Вот почему после ответа на вопрос (в отношении Людовика XIV): «Каким он вам представляется, когда болен?», было бы интересно, — чтобы определить какую-нибудь интимную черту, которая тщательно скрывается, — задать два других вопроса. «Каким он вам представляется читателем?» Ответ таков: «Читателем ленивым». «Каким он вам представляется коллекционером?» Ответ: «Приветливым коллекционером».
Ленивый читатель
Все образованные французы знают, что Великого короля почти всегда упрекали в интеллектуальной лености, в частности, в нелюбви к чтению, что являлось подтверждением якобы вышеназванного недостатка. Пфальцская принцесса и герцог де Сен-Симон во много способствовали тому, чтобы подобный образ закрепился за ним в умах людей. Против этих двух недостатков можно возразить так: отсутствие любви к чтению — еще не определяющий показатель.

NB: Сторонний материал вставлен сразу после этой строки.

(* Let $F$ be a finite field of characteristic $3$. Let $k\ge 0$ be an integer, $m=3k+1$, and $t$ an integer with $t^3\equiv 1\pmod m$ and $\gcd(m,t-1)=1$. Let $G=T_{3m}=\langle x,y\mid x^m=y^3=1,\ y^{-1}xy=x^t\rangle$ (of order $3m$) and $FG$ its group algebra. Let $s\in FG$ be the sum of all elements of $G$ whose order is a power of $3$ (including the identity), and $\mathrm{Anh}(s)=\{\alpha\in FG\mid \alpha s=s\alpha=0\}$. Then $\dim_F J(FG)=\dim_F \mathrm{Anh}(s)=2$.
   Context: $J(FG)$ denotes the Jacobson radical of $FG$. *)

theory Defs
  imports "HOL-Algebra.Algebra" "HOL-Number_Theory.Cong" "HOL-Library.Function_Algebras"
begin

definition left_ideal :: "('r, 'm) ring_scheme \<Rightarrow> 'r set \<Rightarrow> bool" where
  "left_ideal R I \<longleftrightarrow> additive_subgroup I R \<and>
     (\<forall>r\<in>carrier R. \<forall>a\<in>I. r \<otimes>\<^bsub>R\<^esub> a \<in> I)"

definition maximal_left_ideal :: "('r, 'm) ring_scheme \<Rightarrow> 'r set \<Rightarrow> bool" where
  "maximal_left_ideal R I \<longleftrightarrow> left_ideal R I \<and> I \<noteq> carrier R \<and>
     (\<forall>K. left_ideal R K \<and> I \<subseteq> K \<longrightarrow> K = I \<or> K = carrier R)"

definition jacobson_radical :: "('r, 'm) ring_scheme \<Rightarrow> 'r set" where
  "jacobson_radical R = carrier R \<inter> \<Inter>{I. maximal_left_ideal R I}"

definition group_algebra :: "('g, 'n) monoid_scheme \<Rightarrow> ('g \<Rightarrow> 'a::field) ring" where
  "group_algebra G =
     \<lparr> partial_object.carrier = {f. \<forall>z. z \<notin> carrier G \<longrightarrow> f z = 0},
       monoid.mult = (\<lambda>f h z. if z \<in> carrier G
                        then (\<Sum>u\<in>carrier G. f u * h (inv\<^bsub>G\<^esub> u \<otimes>\<^bsub>G\<^esub> z)) else 0),
       monoid.one = (\<lambda>z. if z = \<one>\<^bsub>G\<^esub> then 1 else 0),
       ring.zero = (\<lambda>z. 0),
       ring.add = (\<lambda>f h z. f z + h z) \<rparr>"

definition ga_scale :: "'a::field \<Rightarrow> ('g \<Rightarrow> 'a) \<Rightarrow> ('g \<Rightarrow> 'a)" where
  "ga_scale c f = (\<lambda>z. c * f z)"

definition dim_F :: "('g \<Rightarrow> 'a::field) set \<Rightarrow> nat" where
  "dim_F S = vector_space.dim ga_scale S"

definition s_elem :: "('g, 'n) monoid_scheme \<Rightarrow> 'g \<Rightarrow> 'a::field" where
  "s_elem G = (\<lambda>z. if z \<in> carrier G \<and> (\<exists>n::nat. group.ord G z = 3 ^ n) then 1 else 0)"

definition Anh :: "('g, 'n) monoid_scheme \<Rightarrow> ('g \<Rightarrow> 'a::field) \<Rightarrow> ('g \<Rightarrow> 'a) set" where
  "Anh G a = {\<alpha> \<in> carrier (group_algebra G).
      \<alpha> \<otimes>\<^bsub>group_algebra G\<^esub> a = \<zero>\<^bsub>group_algebra G\<^esub> \<and>
      a \<otimes>\<^bsub>group_algebra G\<^esub> \<alpha> = \<zero>\<^bsub>group_algebra G\<^esub>}"

end

theory Submission
  imports Defs
begin

text \<open>
  Write \<open>N\<close> for the cyclic normal subgroup generated by \<open>x\<close> and \<open>e\<close> for the sum of its
  elements. Since \<open>|N| = m\<close> is \<open>1\<close> modulo \<open>3\<close>, \<open>e\<close> is a central idempotent of \<open>FG\<close>. Conjugation
  by \<open>y\<close> has no fixed points on \<open>N - {1}\<close>, so \<open>1 - e\<close> is a relative trace
  \<open>\<Sum>g. g d g\<^sup>-\<^sup>1\<close>, with \<open>d\<close> minus the sum of a set of representatives of the \<open>y\<close>-orbits on
  \<open>N - {1}\<close>. A Gaschuetz-type averaging argument shows that an idempotent relative trace
  annihilates \<open>J(FG)\<close>; hence \<open>J(FG)\<close> lies in \<open>e FG\<close>, i.e. consists of functions constant on
  the cosets of \<open>N\<close>, and in the augmentation ideal. Conversely, these coset-constant elements
  of augmentation zero form a left ideal (the augmentation ideal of \<open>F[G/N] = F C\<^sub>3\<close>) in which
  every cube vanishes, because \<open>(a\<^sub>0 + a\<^sub>1 y + a\<^sub>2 y\<^sup>2)\<^sup>3 = (a\<^sub>0 + a\<^sub>1 + a\<^sub>2)\<^sup>3\<close> in characteristic \<open>3\<close>; a nil left
  ideal lies in \<open>J(FG)\<close>. Finally the elements of \<open>3\<close>-power
  order are \<open>1\<close> and the elements outside \<open>N\<close>, so \<open>s = 1 + \<Sum>G - e\<close>, and \<open>\<alpha> s = s \<alpha> = 0\<close>
  cuts out the same ideal.
\<close>

section \<open>Left ideals and the Jacobson radical\<close>

context ring
begin
theorem corollary13:
  fixes n :: nat and G :: "(nat \<Rightarrow> nat) set"
  assumes "n \<ge> 3" and "subgroup_S1_Snm1 n G"
  shows "\<exists>M. acyclic_matching (quot_faces n G) (quot_less G) M
           \<and> critical (quot_faces n G) M
               = orbit G ` C_simp n \<union> {orbit G {alpha n}}"
proof -
  interpret quotient_complex n G
    using assms by unfold_locales
  show ?thesis using acyclic_orbit_matching critical_orbit_matching by blast
qed

end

Людовик был высокообразованным человеком, хотя и меньше читал, чем образованные люди того времени. Еще будучи ребенком, которого воспитывал Мазарини, он ставил активные действия выше медитации, а беседу — выше чтения. И один Бог знает, почему его в этом упрекают. Правда, беседа — это «свободное искусство», которое так дорого было Жермене де Сталь, — не могла бы возместить в наше время чтение книг. Но не так было в XVII веке. В 1677 году шевалье де Мере, друг Паскаля, опубликовал трактат «О беседе»{72}. А вот Сент-Эвремон писал, не видя в этом ничего предосудительного: «Как бы я ни любил читать, беседа мне доставляет гораздо большее удовольствие»{92}.
Для монарха этот контраст не так разителен. Обычно королю книги читают, и его чтецами бывают люди ученые, образованные, способные прокомментировать или обсудить те прочитанные страницы, которые привлекли внимание Его Величества. Таким был президент де Периньи (умер в 1670 году), которого Людовик XIV считал достойным давать образование дофину; таким будет де Бонрепо, большой специалист морского дела и дипломат. Король также часто использует для подобных услуг других приближенных лиц, пренебрегая в таких случаях чтецами, которые были назначены на эту должность. Таковы, например, историографы — сначала Поль Пеллиссон, а потом Жан Расин и Буало.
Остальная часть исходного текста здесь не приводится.